--- Supplied material Enclosed Below ---

(* With $\Delta$ and $\mathcal{T}$ as in the context, for every $\sigma\in\mathcal{T}$ one has the co-associativity identity $$(\Delta\otimes\mathrm{Id})\Delta\sigma=(\mathrm{Id}\otimes\Delta)\Delta\sigma,$$ both sides being regarded as elements of $\mathrm{Vec}(\mathcal{T})\otimes\mathrm{Alg}(\mathcal{T}^{\mathrm{cen}})\otimes\mathrm{Alg}(\mathcal{T}^{\mathrm{cen}})$.
   Context: Fix $d\ge1$, $\delta>0$. Trees: $\widehat{\mathcal{T}}_r$ is the smallest set containing the generators $\mathbf{1},\mathbf{X}_1,\dots,\mathbf{X}_d,\Xi$ and closed under $(\tau_1,\tau_2,\tau_3)\mapsto\mathcal{I}(\tau_1)\mathcal{I}(\tau_2)\mathcal{I}(\tau_3)$, a formal non-commutative "tree product" of three "planted trees" $\mathcal{I}(\tau_k)$. Orders: $|\mathbf{1}|=-2$, $|\mathbf{X}_i|=-1$, $|\Xi|=-3+\delta$, $|\mathcal{I}(\tau_1)\mathcal{I}(\tau_2)\mathcal{I}(\tau_3)|=6+\sum_k|\tau_k|$, $|\mathcal{I}(\tau)|=|\tau|+2$. Let $\mathrm{Poly}=\{\mathbf{1},\mathbf{X}_1,\dots,\mathbf{X}_d\}$, $\mathcal{W}=\{\tau:|\tau|<-2\}$, $\mathcal{N}=\{\tau:-2\le|\tau|\le0\}$, $\mathring{\mathcal{N}}=\mathcal{N}\setminus\mathrm{Poly}$, $\widetilde{\mathcal{N}}=\{\tau\in\mathring{\mathcal{N}}:-1<|\tau|<0\}$. Standing assumption: $\delta$ is such that no tree in $\mathcal{W}\cup\mathring{\mathcal{N}}$ has integer order. Further symbols $\mathcal{I}^+_i(\tau)$, $1\le i\le d$, $\tau\in\widetilde{\mathcal{N}}\cup\{\mathbf{X}_i\}$ (planted trees of order $|\tau|+1$), with conventions $\mathcal{I}^+_i(\mathbf{X}_j)=0$ for $j\ne i$ and $\mathcal{I}^+_i(\tau)=0$ for $\tau\in\mathring{\mathcal{N}}\setminus\widetilde{\mathcal{N}}$. Set $\mathcal{T}_r=\mathcal{W}\cup\mathring{\mathcal{N}}$, $\mathcal{T}_l=\{\mathcal{I}(\tau):\tau\in\mathcal{T}_r\cup\mathrm{Poly}\}$, $\mathcal{T}=\mathcal{T}_r\cup\mathcal{T}_l$, $\mathcal{T}^{\mathrm{cen}}=\{\mathcal{I}(\tau):\tau\in\mathcal{N}\}\cup\{\mathcal{I}^+_i(\tau):1\le i\le d,\ \tau\in\widetilde{\mathcal{N}}\cup\{\mathbf{X}_i\}\}$, $\mathcal{T}_+=\mathcal{T}\cup\mathcal{T}^{\mathrm{cen}}$. Truncation convention: if $|\sigma_1|+|\sigma_2|+|\sigma_3|>0$ for planted trees $\sigma_k$ then the tree product $\sigma_1\sigma_2\sigma_3$ is $0$; tree products, $\mathcal{I}$, $\mathcal{I}^+_i$ extend (multi)linearly. $\mathrm{Vec}(S)$ is the real vector space with basis $S$; $\mathrm{Alg}(S)$ is the free unital non-commutative real algebra generated by a set $S$ of planted trees (product $\cdot$, the "forest product"; unit $1$, the empty forest). The coproduct $\Delta:\mathcal{T}_+\to\mathrm{Vec}(\mathcal{T}_+)\otimes\mathrm{Alg}(\mathcal{T}^{\mathrm{cen}})$ is defined recursively by: $\Delta\mathcal{I}(\mathbf{1})=\mathcal{I}(\mathbf{1})\otimes\mathcal{I}(\mathbf{1})$; $\Delta\mathcal{I}(\mathbf{X}_i)=\mathcal{I}(\mathbf{1})\otimes\mathcal{I}(\mathbf{X}_i)+\mathcal{I}(\mathbf{X}_i)\otimes\mathcal{I}^+_i(\mathbf{X}_i)$; $\Delta\mathcal{I}^+_i(\mathbf{X}_i)=\mathcal{I}^+_i(\mathbf{X}_i)\otimes\mathcal{I}^+_i(\mathbf{X}_i)$; $\Delta w=w\otimes1$, $\Delta\mathcal{I}(w)=\mathcal{I}(w)\otimes1$ for $w\in\mathcal{W}$; for $\tau\in\mathring{\mathcal{N}}$: $\Delta\mathcal{I}(\tau)=\mathcal{I}(\mathbf{1})\otimes\mathcal{I}(\tau)+\sum_{i=1}^d\mathcal{I}(\mathbf{X}_i)\otimes\mathcal{I}^+_i(\tau)+(\mathcal{I}\otimes\mathrm{Id})\Delta\tau$; for $\tau\in\widetilde{\mathcal{N}}$: $\Delta\mathcal{I}^+_i(\tau)=\mathcal{I}^+_i(\mathbf{X}_i)\otimes\mathcal{I}^+_i(\tau)+(\mathcal{I}^+_i\otimes\mathrm{Id})\Delta\tau$; for $\mathcal{I}(\tau_1)\mathcal{I}(\tau_2)\mathcal{I}(\tau_3)\in\mathring{\mathcal{N}}$: $\Delta(\mathcal{I}(\tau_1)\mathcal{I}(\tau_2)\mathcal{I}(\tau_3))=\Delta\mathcal{I}(\tau_1)\Delta\mathcal{I}(\tau_2)\Delta\mathcal{I}(\tau_3)$ with $\prod_k(\sigma_k\otimes a_k):=\sigma_1\sigma_2\sigma_3\otimes a_1\cdot a_2\cdot a_3$ extended linearly. $\Delta$ is extended linearly, and to forests multiplicatively: $\Delta1=1\otimes1$ and $\Delta(\sigma_1\cdots\sigma_n)=(\Delta\sigma_1)\cdots(\Delta\sigma_n)$ with componentwise forest product; thus $\Delta$ acts on $\mathrm{Alg}(\mathcal{T}^{\mathrm{cen}})$. *)

theory Defs
  imports Complex_Main
begin

text \<open>Trees of the regularity structure: One = the polynomial 1, X i = X_i,
  Xi = the noise, Prod a b c = the tree product I(a) I(b) I(c).\<close>
datatype tr = One | X nat | Xi | Prod tr tr tr

text \<open>Planted trees: PI t = I(t), PIp i t = I^+_i(t).\<close>
datatype pl = PI tr | PIp nat tr

text \<open>Basis of Vec(T_+): a tree or a planted tree.\<close>
datatype el = ETr tr | EPl pl

text \<open>Well-formed trees (elements of the hatted T_r): indices of X between 1 and d.\<close>
fun wf :: "nat \<Rightarrow> tr \<Rightarrow> bool" where
  "wf d One = True"
| "wf d (X i) = (1 \<le> i \<and> i \<le> d)"
| "wf d Xi = True"
| "wf d (Prod a b c) = (wf d a \<and> wf d b \<and> wf d c)"

fun ord :: "real \<Rightarrow> tr \<Rightarrow> real" where
  "ord \<delta> One = -2"
| "ord \<delta> (X i) = -1"
| "ord \<delta> Xi = -3 + \<delta>"
| "ord \<delta> (Prod a b c) = 6 + ord \<delta> a + ord \<delta> b + ord \<delta> c"

definition isPoly :: "nat \<Rightarrow> tr \<Rightarrow> bool" where
  "isPoly d t \<longleftrightarrow> t = One \<or> (\<exists>i. 1 \<le> i \<and> i \<le> d \<and> t = X i)"

definition inW :: "real \<Rightarrow> tr \<Rightarrow> bool" where
  "inW \<delta> t \<longleftrightarrow> ord \<delta> t < -2"

definition inN :: "real \<Rightarrow> tr \<Rightarrow> bool" where
  "inN \<delta> t \<longleftrightarrow> -2 \<le> ord \<delta> t \<and> ord \<delta> t \<le> 0"

definition inNo :: "real \<Rightarrow> nat \<Rightarrow> tr \<Rightarrow> bool" where
  "inNo \<delta> d t \<longleftrightarrow> inN \<delta> t \<and> \<not> isPoly d t"

definition inNt :: "real \<Rightarrow> nat \<Rightarrow> tr \<Rightarrow> bool" where
  "inNt \<delta> d t \<longleftrightarrow> inNo \<delta> d t \<and> -1 < ord \<delta> t \<and> ord \<delta> t < 0"

text \<open>I^+_i(t) is a nonzero basis element only for t in N-tilde or t = X_i;
  otherwise it is 0 (convention).\<close>
definition Ipnz :: "real \<Rightarrow> nat \<Rightarrow> nat \<Rightarrow> tr \<Rightarrow> bool" where
  "Ipnz \<delta> d i t \<longleftrightarrow> t = X i \<or> inNt \<delta> d t"

text \<open>The set T = T_r \<union> T_l (as elements of el).\<close>
definition inT :: "real \<Rightarrow> nat \<Rightarrow> el \<Rightarrow> bool" where
  "inT \<delta> d s \<longleftrightarrow>
     (\<exists>t. s = ETr t \<and> wf d t \<and> (inW \<delta> t \<or> inNo \<delta> d t)) \<or>
     (\<exists>t. s = EPl (PI t) \<and> wf d t \<and> (inW \<delta> t \<or> inNo \<delta> d t \<or> isPoly d t))"

text \<open>Elements of free vector spaces are represented by finite lists of
  (coefficient, basis element) pairs; two such lists represent the same vector
  iff they have the same coefficient function.\<close>
definition vec :: "(real \<times> 'b) list \<Rightarrow> 'b \<Rightarrow> real" where
  "vec L b = sum_list (map fst (filter (\<lambda>x. snd x = b) L))"

text \<open>Tree product of three planted trees I(s1) I(s2) I(s3), with truncation
  (zero if the sum of their orders is > 0), extended multilinearly, tensored with
  forest products on the right.\<close>
definition tprod :: "real \<Rightarrow> (real \<times> tr \<times> pl list) list \<Rightarrow> (real \<times> tr \<times> pl list) list
    \<Rightarrow> (real \<times> tr \<times> pl list) list \<Rightarrow> (real \<times> tr \<times> pl list) list" where
  "tprod \<delta> A B C =
     [(c1 * c2 * c3, Prod s1 s2 s3, w1 @ w2 @ w3).
        (c1, s1, w1) \<leftarrow> A, (c2, s2, w2) \<leftarrow> B, (c3, s3, w3) \<leftarrow> C,
        \<not> ((ord \<delta> s1 + 2) + (ord \<delta> s2 + 2) + (ord \<delta> s3 + 2) > 0)]"

text \<open>Delta I(t), given D = Delta t; an entry (c, s, w) stands for c I(s) \<otimes> w.\<close>
definition dI_of :: "real \<Rightarrow> nat \<Rightarrow> tr \<Rightarrow> (real \<times> tr \<times> pl list) list
    \<Rightarrow> (real \<times> tr \<times> pl list) list" where
  "dI_of \<delta> d t D =
     (case t of
        One \<Rightarrow> [(1, One, [PI One])]
      | X i \<Rightarrow> [(1, One, [PI (X i)]), (1, X i, [PIp i (X i)])]
      | _ \<Rightarrow> (if inW \<delta> t then [(1, t, [])]
              else [(1, One, [PI t])]
                   @ [(1, X i, [PIp i t]). i \<leftarrow> [1..<d+1], Ipnz \<delta> d i t]
                   @ D))"

text \<open>Delta on trees of T_r; an entry (c, s, w) stands for c s \<otimes> w.\<close>
fun dT :: "real \<Rightarrow> nat \<Rightarrow> tr \<Rightarrow> (real \<times> tr \<times> pl list) list" where
  "dT \<delta> d (Prod a b c) =
     (if inW \<delta> (Prod a b c) then [(1, Prod a b c, [])]
      else tprod \<delta> (dI_of \<delta> d a (dT \<delta> d a)) (dI_of \<delta> d b (dT \<delta> d b))
                   (dI_of \<delta> d c (dT \<delta> d c)))"
| "dT \<delta> d t = [(1, t, [])]"

definition dI :: "real \<Rightarrow> nat \<Rightarrow> tr \<Rightarrow> (real \<times> tr \<times> pl list) list" where
  "dI \<delta> d t = dI_of \<delta> d t (dT \<delta> d t)"

text \<open>Delta I^+_i(t); entries (c, p, w) stand for c p \<otimes> w with p a planted tree.\<close>
definition dIp :: "real \<Rightarrow> nat \<Rightarrow> nat \<Rightarrow> tr \<Rightarrow> (real \<times> pl \<times> pl list) list" where
  "dIp \<delta> d i t =
     (if t = X i then [(1, PIp i (X i), [PIp i (X i)])]
      else if inNt \<delta> d t then
        (1, PIp i (X i), [PIp i t]) #
        [(c, PIp i s, w). (c, s, w) \<leftarrow> dT \<delta> d t, Ipnz \<delta> d i s]
      else [])"

definition copP :: "real \<Rightarrow> nat \<Rightarrow> pl \<Rightarrow> (real \<times> pl \<times> pl list) list" where
  "copP \<delta> d p =
     (case p of
        PI t \<Rightarrow> [(c, PI s, w). (c, s, w) \<leftarrow> dI \<delta> d t]
      | PIp i t \<Rightarrow> dIp \<delta> d i t)"

definition cop :: "real \<Rightarrow> nat \<Rightarrow> el \<Rightarrow> (real \<times> el \<times> pl list) list" where
  "cop \<delta> d s =
     (case s of
        ETr t \<Rightarrow> [(c, ETr u, w). (c, u, w) \<leftarrow> dT \<delta> d t]
      | EPl p \<Rightarrow> [(c, EPl q, w). (c, q, w) \<leftarrow> copP \<delta> d p])"

fun copW :: "real \<Rightarrow> nat \<Rightarrow> pl list \<Rightarrow> (real \<times> pl list \<times> pl list) list" where
  "copW \<delta> d [] = [(1, [], [])]"
| "copW \<delta> d (p # ps) =
     [(c * c', q # l, w @ w'). (c, q, w) \<leftarrow> copP \<delta> d p, (c', l, w') \<leftarrow> copW \<delta> d ps]"

definition lhs :: "real \<Rightarrow> nat \<Rightarrow> el \<Rightarrow> (real \<times> el \<times> pl list \<times> pl list) list" where
  "lhs \<delta> d s = [(c * c', e', w', w). (c, e, w) \<leftarrow> cop \<delta> d s, (c', e', w') \<leftarrow> cop \<delta> d e]"

definition rhs :: "real \<Rightarrow> nat \<Rightarrow> el \<Rightarrow> (real \<times> el \<times> pl list \<times> pl list) list" where
  "rhs \<delta> d s = [(c * c', e, w1, w2). (c, e, w) \<leftarrow> cop \<delta> d s, (c', w1, w2) \<leftarrow> copW \<delta> d w]"

end

theory Submission imports Defs "HOL-Library.Multiset" begin

(* Both sides are compared as multisets of basis tensors, which determine their coefficient
   functions. Coassociativity on \<Delta>\<tau> and on \<Delta>I(\<tau>) is proved together, by induction on trees \<tau>
   of order at most 0.

   \<Delta> is multiplicative on forests, so (Id \<otimes> \<Delta>) commutes with the tree product. So does
   (\<Delta> \<otimes> Id): the left factors of \<Delta>I(\<tau>) have order at most |\<tau>|, hence a product of such factors
   is never truncated. This settles \<Delta>\<tau> for a tree product \<tau> = I(\<tau>1)I(\<tau>2)I(\<tau>3).

   For \<Delta>I(\<tau>) = I(1) \<otimes> I(\<tau>) + \<Sum>i X_i \<otimes> I+_i(\<tau>) + (I \<otimes> Id)\<Delta>\<tau>, both sides consist of
   I(1) \<otimes> I(1) \<otimes> I(\<tau>), the terms I(1) \<otimes> I(s) \<otimes> w and X_i \<otimes> I+_i(s) \<otimes> w for s \<otimes> w running
   through the last two summands, and (\<Delta> \<otimes> Id)\<Delta>\<tau> resp. (Id \<otimes> \<Delta>)\<Delta>\<tau>. On the right the
   X_i-terms arise from X_i \<otimes> \<Delta>I+_i(\<tau>) and so need I+_i(\<tau>) \<noteq> 0; that I+_i(s) \<noteq> 0 forces
   I+_i(\<tau>) \<noteq> 0 is where the orders being non-integers is used. *)

lemma sum_mset_sum_mset_image:
  "(\<Sum>y\<in>#(\<Sum>x\<in>#M. f x). g y) = (\<Sum>x\<in>#M. \<Sum>y\<in>#f x. g y)"
  by (induction M) simp_all

lemma sum_mset_sum_mset: "\<Sum>\<^sub># (\<Sum>x\<in>#M. f x) = (\<Sum>x\<in>#M. \<Sum>\<^sub># (f x))"
  by (induction M) simp_all

lemma image_mset_sum_mset:
  "image_mset h (\<Sum>x\<in>#M. f x) = (\<Sum>x\<in>#M. image_mset h (f x))"
  by (induction M) simp_all

lemma sum_mset_cong:
  "(\<And>x. x \<in># M \<Longrightarrow> f x = g x) \<Longrightarrow> (\<Sum>x\<in>#M. f x) = (\<Sum>x\<in>#M. g x)"
  by (simp cong: image_mset_cong)

lemma sum_mset_if_const:
  "(\<Sum>x\<in>#M. if P then f x else {#}) = (if P then (\<Sum>x\<in>#M. f x) else {#})"
  by (cases P) simp_all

--- End of Enclosed Supplied material ---

Above are the entries; copy out every line among them that contains the word "stands".

Answer to the exercise:
text \<open>Delta I(t), given D = Delta t; an entry (c, s, w) stands for c I(s) \<otimes> w.\<close>
text \<open>Delta on trees of T_r; an entry (c, s, w) stands for c s \<otimes> w.\<close>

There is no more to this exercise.